EXERCISE –
Give the records again in full, exactly as they appear.

RECORDS FOR THE EXERCISE –
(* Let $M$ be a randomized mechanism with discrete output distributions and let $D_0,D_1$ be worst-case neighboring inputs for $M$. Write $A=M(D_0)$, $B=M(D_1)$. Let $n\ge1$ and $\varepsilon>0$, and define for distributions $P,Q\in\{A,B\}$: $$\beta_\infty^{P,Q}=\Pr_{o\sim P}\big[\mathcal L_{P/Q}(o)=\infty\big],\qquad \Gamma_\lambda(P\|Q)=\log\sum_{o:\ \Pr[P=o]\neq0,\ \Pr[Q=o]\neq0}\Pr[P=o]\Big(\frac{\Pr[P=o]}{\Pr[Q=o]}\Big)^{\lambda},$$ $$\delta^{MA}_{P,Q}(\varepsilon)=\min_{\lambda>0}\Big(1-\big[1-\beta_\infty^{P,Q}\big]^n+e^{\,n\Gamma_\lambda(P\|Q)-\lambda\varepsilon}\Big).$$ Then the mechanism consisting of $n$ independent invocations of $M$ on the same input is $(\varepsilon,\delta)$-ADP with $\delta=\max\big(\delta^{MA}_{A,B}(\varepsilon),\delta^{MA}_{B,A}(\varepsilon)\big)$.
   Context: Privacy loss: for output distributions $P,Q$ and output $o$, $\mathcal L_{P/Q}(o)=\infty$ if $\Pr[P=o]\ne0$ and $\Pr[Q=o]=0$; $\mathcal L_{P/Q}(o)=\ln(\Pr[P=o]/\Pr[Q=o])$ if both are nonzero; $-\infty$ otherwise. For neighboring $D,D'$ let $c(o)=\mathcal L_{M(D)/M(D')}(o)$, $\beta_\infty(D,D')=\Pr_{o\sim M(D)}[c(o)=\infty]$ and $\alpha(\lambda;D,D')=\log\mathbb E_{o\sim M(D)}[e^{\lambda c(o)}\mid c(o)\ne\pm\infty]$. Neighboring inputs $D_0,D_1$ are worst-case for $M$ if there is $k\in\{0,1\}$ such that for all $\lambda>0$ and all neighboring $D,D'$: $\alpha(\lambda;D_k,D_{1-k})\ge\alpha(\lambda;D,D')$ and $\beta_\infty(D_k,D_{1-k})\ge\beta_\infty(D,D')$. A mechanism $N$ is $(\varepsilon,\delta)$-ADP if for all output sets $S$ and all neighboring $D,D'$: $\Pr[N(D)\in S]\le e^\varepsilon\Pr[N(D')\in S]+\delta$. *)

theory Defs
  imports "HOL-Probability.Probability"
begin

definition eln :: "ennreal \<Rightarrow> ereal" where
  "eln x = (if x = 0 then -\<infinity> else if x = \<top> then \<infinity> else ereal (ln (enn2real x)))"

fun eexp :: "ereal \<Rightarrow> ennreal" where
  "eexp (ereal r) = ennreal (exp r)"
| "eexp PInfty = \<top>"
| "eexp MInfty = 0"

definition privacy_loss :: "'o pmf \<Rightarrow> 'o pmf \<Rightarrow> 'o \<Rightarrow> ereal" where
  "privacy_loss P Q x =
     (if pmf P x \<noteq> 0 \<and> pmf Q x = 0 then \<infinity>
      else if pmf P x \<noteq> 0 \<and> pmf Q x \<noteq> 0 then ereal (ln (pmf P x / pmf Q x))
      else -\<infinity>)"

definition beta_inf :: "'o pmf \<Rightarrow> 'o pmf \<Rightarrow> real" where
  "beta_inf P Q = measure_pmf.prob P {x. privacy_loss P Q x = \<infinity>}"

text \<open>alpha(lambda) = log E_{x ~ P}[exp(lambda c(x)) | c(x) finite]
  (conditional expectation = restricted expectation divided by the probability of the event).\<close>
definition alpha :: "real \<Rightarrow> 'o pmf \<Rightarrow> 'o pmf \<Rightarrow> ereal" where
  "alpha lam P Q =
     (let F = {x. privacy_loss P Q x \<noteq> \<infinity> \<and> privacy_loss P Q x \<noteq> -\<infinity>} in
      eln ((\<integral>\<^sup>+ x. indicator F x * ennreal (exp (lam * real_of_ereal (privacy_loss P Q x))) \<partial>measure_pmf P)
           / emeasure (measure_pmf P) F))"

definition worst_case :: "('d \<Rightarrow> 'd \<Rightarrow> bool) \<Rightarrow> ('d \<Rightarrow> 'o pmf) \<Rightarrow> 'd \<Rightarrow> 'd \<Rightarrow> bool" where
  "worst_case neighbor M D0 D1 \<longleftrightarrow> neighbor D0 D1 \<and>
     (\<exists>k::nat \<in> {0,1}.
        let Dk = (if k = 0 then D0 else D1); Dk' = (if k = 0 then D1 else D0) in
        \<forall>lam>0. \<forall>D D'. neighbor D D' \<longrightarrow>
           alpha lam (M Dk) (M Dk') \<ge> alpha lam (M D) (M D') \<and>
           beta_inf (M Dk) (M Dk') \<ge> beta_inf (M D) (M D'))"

SOLUTION –
(* Let $M$ be a randomized mechanism with discrete output distributions and let $D_0,D_1$ be worst-case neighboring inputs for $M$. Write $A=M(D_0)$, $B=M(D_1)$. Let $n\ge1$ and $\varepsilon>0$, and define for distributions $P,Q\in\{A,B\}$: $$\beta_\infty^{P,Q}=\Pr_{o\sim P}\big[\mathcal L_{P/Q}(o)=\infty\big],\qquad \Gamma_\lambda(P\|Q)=\log\sum_{o:\ \Pr[P=o]\neq0,\ \Pr[Q=o]\neq0}\Pr[P=o]\Big(\frac{\Pr[P=o]}{\Pr[Q=o]}\Big)^{\lambda},$$ $$\delta^{MA}_{P,Q}(\varepsilon)=\min_{\lambda>0}\Big(1-\big[1-\beta_\infty^{P,Q}\big]^n+e^{\,n\Gamma_\lambda(P\|Q)-\lambda\varepsilon}\Big).$$ Then the mechanism consisting of $n$ independent invocations of $M$ on the same input is $(\varepsilon,\delta)$-ADP with $\delta=\max\big(\delta^{MA}_{A,B}(\varepsilon),\delta^{MA}_{B,A}(\varepsilon)\big)$.
   Context: Privacy loss: for output distributions $P,Q$ and output $o$, $\mathcal L_{P/Q}(o)=\infty$ if $\Pr[P=o]\ne0$ and $\Pr[Q=o]=0$; $\mathcal L_{P/Q}(o)=\ln(\Pr[P=o]/\Pr[Q=o])$ if both are nonzero; $-\infty$ otherwise. For neighboring $D,D'$ let $c(o)=\mathcal L_{M(D)/M(D')}(o)$, $\beta_\infty(D,D')=\Pr_{o\sim M(D)}[c(o)=\infty]$ and $\alpha(\lambda;D,D')=\log\mathbb E_{o\sim M(D)}[e^{\lambda c(o)}\mid c(o)\ne\pm\infty]$. Neighboring inputs $D_0,D_1$ are worst-case for $M$ if there is $k\in\{0,1\}$ such that for all $\lambda>0$ and all neighboring $D,D'$: $\alpha(\lambda;D_k,D_{1-k})\ge\alpha(\lambda;D,D')$ and $\beta_\infty(D_k,D_{1-k})\ge\beta_\infty(D,D')$. A mechanism $N$ is $(\varepsilon,\delta)$-ADP if for all output sets $S$ and all neighboring $D,D'$: $\Pr[N(D)\in S]\le e^\varepsilon\Pr[N(D')\in S]+\delta$. *)

theory Defs
  imports "HOL-Probability.Probability"
begin

definition eln :: "ennreal \<Rightarrow> ereal" where
  "eln x = (if x = 0 then -\<infinity> else if x = \<top> then \<infinity> else ereal (ln (enn2real x)))"

fun eexp :: "ereal \<Rightarrow> ennreal" where
  "eexp (ereal r) = ennreal (exp r)"
| "eexp PInfty = \<top>"
| "eexp MInfty = 0"

definition privacy_loss :: "'o pmf \<Rightarrow> 'o pmf \<Rightarrow> 'o \<Rightarrow> ereal" where
  "privacy_loss P Q x =
     (if pmf P x \<noteq> 0 \<and> pmf Q x = 0 then \<infinity>
      else if pmf P x \<noteq> 0 \<and> pmf Q x \<noteq> 0 then ereal (ln (pmf P x / pmf Q x))
      else -\<infinity>)"

definition beta_inf :: "'o pmf \<Rightarrow> 'o pmf \<Rightarrow> real" where
  "beta_inf P Q = measure_pmf.prob P {x. privacy_loss P Q x = \<infinity>}"

text \<open>alpha(lambda) = log E_{x ~ P}[exp(lambda c(x)) | c(x) finite]
  (conditional expectation = restricted expectation divided by the probability of the event).\<close>
definition alpha :: "real \<Rightarrow> 'o pmf \<Rightarrow> 'o pmf \<Rightarrow> ereal" where
  "alpha lam P Q =
     (let F = {x. privacy_loss P Q x \<noteq> \<infinity> \<and> privacy_loss P Q x \<noteq> -\<infinity>} in
      eln ((\<integral>\<^sup>+ x. indicator F x * ennreal (exp (lam * real_of_ereal (privacy_loss P Q x))) \<partial>measure_pmf P)
           / emeasure (measure_pmf P) F))"

definition worst_case :: "('d \<Rightarrow> 'd \<Rightarrow> bool) \<Rightarrow> ('d \<Rightarrow> 'o pmf) \<Rightarrow> 'd \<Rightarrow> 'd \<Rightarrow> bool" where
  "worst_case neighbor M D0 D1 \<longleftrightarrow> neighbor D0 D1 \<and>
     (\<exists>k::nat \<in> {0,1}.
        let Dk = (if k = 0 then D0 else D1); Dk' = (if k = 0 then D1 else D0) in
        \<forall>lam>0. \<forall>D D'. neighbor D D' \<longrightarrow>
           alpha lam (M Dk) (M Dk') \<ge> alpha lam (M D) (M D') \<and>
           beta_inf (M Dk) (M Dk') \<ge> beta_inf (M D) (M D'))"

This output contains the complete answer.